* _How to complete this task_: Examine the records and identify each line that includes the string "carrier". Copy those lines.

(Stored dataset items)
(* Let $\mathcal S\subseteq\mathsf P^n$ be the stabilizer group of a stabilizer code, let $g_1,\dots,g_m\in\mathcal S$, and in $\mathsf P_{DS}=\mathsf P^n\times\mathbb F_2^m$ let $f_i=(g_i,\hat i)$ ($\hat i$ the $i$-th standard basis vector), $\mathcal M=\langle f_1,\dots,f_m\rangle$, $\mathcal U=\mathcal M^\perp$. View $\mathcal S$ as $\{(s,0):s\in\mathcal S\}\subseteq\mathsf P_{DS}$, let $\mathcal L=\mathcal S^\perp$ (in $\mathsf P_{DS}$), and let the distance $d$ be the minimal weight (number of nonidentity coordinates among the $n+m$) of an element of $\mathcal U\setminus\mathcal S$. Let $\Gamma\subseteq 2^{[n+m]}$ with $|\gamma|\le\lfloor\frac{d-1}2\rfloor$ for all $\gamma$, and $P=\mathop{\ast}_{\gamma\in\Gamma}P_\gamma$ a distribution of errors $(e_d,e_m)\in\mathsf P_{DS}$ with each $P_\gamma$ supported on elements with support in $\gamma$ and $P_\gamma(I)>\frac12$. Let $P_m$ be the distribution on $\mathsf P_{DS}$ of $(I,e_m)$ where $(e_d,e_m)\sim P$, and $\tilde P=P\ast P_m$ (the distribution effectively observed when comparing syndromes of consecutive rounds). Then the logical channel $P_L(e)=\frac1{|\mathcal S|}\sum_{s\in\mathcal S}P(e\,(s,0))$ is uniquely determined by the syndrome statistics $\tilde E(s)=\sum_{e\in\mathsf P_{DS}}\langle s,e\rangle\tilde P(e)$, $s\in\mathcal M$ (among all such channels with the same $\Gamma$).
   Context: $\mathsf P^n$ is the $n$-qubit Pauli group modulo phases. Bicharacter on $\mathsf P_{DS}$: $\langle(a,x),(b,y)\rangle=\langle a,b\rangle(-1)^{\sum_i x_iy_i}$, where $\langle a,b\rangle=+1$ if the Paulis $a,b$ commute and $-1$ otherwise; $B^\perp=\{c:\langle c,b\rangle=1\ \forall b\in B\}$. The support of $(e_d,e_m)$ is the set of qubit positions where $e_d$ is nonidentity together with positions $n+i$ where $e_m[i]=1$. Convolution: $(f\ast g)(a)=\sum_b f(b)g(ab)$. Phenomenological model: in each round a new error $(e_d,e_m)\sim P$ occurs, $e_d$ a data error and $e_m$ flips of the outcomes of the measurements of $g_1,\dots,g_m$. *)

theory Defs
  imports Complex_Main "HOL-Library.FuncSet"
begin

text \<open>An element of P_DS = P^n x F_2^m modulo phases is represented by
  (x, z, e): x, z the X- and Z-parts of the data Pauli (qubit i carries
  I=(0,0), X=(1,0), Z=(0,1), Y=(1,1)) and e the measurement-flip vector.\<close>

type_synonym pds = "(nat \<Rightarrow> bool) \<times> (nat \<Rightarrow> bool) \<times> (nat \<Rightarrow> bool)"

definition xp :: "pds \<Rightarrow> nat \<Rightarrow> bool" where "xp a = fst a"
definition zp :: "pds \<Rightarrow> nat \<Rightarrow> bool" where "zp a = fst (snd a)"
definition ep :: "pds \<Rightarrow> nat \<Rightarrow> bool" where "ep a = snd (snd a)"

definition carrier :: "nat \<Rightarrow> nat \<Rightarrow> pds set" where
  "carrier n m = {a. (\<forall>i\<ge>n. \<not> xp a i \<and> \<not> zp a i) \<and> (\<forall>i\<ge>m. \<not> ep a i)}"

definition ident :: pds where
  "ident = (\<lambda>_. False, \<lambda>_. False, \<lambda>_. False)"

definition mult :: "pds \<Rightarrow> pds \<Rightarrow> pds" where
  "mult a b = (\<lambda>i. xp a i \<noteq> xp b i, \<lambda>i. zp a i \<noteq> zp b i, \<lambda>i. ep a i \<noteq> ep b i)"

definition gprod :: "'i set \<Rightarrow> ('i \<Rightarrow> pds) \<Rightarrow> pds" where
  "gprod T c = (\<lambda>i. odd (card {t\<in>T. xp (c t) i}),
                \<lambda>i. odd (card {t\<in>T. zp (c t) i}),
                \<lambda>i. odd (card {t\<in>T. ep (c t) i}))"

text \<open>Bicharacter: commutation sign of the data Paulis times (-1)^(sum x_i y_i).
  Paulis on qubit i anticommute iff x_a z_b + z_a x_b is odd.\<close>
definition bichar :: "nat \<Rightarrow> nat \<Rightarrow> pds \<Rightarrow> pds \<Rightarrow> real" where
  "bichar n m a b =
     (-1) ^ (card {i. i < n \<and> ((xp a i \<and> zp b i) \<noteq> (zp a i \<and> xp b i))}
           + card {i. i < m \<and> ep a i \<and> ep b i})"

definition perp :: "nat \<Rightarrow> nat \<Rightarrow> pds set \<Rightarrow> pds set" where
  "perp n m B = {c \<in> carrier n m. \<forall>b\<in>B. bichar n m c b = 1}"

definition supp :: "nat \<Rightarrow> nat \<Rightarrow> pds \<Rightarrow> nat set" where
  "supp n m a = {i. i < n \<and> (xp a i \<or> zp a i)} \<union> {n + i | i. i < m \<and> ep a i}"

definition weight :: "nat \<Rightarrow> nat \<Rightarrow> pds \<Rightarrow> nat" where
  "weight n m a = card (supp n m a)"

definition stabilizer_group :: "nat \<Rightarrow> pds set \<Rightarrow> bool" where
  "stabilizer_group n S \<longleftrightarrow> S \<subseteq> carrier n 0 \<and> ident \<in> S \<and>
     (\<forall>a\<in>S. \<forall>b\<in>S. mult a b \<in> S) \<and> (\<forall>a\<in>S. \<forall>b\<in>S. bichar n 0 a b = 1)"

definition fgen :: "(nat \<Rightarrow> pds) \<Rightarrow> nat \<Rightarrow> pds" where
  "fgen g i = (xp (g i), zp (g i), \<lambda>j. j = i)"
--
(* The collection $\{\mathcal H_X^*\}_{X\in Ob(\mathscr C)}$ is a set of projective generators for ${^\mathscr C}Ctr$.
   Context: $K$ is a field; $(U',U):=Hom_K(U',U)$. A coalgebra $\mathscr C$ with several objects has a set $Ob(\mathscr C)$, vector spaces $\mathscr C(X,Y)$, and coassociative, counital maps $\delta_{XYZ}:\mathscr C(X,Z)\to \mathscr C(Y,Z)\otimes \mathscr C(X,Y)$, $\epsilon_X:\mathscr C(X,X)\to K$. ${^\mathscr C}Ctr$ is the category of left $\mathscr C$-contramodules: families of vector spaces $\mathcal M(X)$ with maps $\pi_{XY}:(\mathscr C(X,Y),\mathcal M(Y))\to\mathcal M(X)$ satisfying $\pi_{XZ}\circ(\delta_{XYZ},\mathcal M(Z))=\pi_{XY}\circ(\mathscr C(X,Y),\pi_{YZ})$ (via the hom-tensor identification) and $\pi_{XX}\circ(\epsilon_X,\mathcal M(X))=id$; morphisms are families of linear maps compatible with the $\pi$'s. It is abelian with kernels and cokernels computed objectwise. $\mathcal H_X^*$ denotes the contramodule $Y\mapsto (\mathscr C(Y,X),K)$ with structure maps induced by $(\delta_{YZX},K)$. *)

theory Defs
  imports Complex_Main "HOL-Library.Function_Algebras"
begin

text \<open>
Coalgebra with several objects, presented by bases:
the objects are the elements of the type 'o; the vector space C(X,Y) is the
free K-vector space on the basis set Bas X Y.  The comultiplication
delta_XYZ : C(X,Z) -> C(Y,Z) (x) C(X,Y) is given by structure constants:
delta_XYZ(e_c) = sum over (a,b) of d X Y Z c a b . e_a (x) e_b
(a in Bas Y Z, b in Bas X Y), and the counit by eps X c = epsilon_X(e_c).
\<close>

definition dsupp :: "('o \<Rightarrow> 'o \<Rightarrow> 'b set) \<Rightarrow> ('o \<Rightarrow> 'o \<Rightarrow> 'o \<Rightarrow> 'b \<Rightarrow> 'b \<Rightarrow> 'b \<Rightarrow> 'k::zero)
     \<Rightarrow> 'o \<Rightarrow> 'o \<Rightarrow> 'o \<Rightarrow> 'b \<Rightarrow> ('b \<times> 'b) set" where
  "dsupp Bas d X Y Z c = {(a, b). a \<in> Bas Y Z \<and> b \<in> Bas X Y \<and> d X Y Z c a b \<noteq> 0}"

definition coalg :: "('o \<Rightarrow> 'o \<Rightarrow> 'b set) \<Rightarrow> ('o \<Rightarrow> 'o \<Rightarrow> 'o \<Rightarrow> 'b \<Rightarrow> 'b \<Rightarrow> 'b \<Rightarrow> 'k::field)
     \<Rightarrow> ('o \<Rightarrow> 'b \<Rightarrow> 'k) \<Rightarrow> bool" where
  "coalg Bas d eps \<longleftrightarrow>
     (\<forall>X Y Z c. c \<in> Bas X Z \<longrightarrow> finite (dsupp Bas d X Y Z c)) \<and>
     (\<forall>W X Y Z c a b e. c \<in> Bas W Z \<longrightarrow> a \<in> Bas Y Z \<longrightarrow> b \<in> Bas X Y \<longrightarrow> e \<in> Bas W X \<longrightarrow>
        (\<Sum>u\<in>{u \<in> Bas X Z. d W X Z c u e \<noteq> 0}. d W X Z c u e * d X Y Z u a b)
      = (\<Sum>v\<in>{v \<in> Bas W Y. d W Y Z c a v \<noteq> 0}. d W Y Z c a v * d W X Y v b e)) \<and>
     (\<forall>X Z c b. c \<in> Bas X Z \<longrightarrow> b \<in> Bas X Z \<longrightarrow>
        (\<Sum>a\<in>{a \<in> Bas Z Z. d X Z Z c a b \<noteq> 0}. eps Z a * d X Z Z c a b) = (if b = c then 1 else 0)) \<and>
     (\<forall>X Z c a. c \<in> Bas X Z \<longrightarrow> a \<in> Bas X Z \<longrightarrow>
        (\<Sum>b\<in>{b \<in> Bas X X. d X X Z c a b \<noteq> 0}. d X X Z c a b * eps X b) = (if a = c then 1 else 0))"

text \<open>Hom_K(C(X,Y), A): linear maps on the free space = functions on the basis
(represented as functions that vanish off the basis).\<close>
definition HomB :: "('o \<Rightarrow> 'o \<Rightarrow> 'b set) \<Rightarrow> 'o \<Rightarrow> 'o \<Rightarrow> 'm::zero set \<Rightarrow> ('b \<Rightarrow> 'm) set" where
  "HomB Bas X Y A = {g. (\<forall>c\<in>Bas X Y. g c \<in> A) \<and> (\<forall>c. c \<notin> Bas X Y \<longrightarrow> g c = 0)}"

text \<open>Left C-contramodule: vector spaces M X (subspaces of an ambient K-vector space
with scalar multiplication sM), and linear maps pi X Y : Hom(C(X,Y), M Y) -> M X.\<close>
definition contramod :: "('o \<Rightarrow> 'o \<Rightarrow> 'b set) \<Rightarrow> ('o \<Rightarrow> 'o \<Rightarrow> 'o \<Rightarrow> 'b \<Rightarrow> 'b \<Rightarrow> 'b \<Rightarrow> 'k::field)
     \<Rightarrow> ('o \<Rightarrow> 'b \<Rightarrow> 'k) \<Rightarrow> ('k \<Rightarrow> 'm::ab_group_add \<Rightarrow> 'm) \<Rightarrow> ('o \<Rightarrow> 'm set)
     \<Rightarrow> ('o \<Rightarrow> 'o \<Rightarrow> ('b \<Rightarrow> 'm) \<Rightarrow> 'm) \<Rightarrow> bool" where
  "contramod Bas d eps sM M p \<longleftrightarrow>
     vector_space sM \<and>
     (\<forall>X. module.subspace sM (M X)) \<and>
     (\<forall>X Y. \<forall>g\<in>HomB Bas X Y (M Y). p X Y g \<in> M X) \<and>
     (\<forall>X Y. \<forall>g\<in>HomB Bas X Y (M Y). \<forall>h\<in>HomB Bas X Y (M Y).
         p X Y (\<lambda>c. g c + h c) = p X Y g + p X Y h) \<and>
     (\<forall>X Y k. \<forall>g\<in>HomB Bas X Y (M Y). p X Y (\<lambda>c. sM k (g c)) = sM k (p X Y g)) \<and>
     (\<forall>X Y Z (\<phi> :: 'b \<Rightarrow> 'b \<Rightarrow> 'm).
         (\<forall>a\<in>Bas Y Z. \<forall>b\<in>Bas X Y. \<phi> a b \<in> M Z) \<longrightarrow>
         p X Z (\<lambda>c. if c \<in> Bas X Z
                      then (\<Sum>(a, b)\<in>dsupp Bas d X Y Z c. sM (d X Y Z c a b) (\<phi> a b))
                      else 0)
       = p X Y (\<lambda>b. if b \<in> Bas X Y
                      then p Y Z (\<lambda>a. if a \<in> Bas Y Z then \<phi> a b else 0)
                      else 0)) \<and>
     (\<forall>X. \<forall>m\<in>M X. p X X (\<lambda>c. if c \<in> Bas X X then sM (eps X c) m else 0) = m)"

* _Answer for this exercise_:
definition carrier :: "nat \<Rightarrow> nat \<Rightarrow> pds set" where
  "carrier n m = {a. (\<forall>i\<ge>n. \<not> xp a i \<and> \<not> zp a i) \<and> (\<forall>i\<ge>m. \<not> ep a i)}"
  "perp n m B = {c \<in> carrier n m. \<forall>b\<in>B. bichar n m c b = 1}"
  "stabilizer_group n S \<longleftrightarrow> S \<subseteq> carrier n 0 \<and> ident \<in> S \<and>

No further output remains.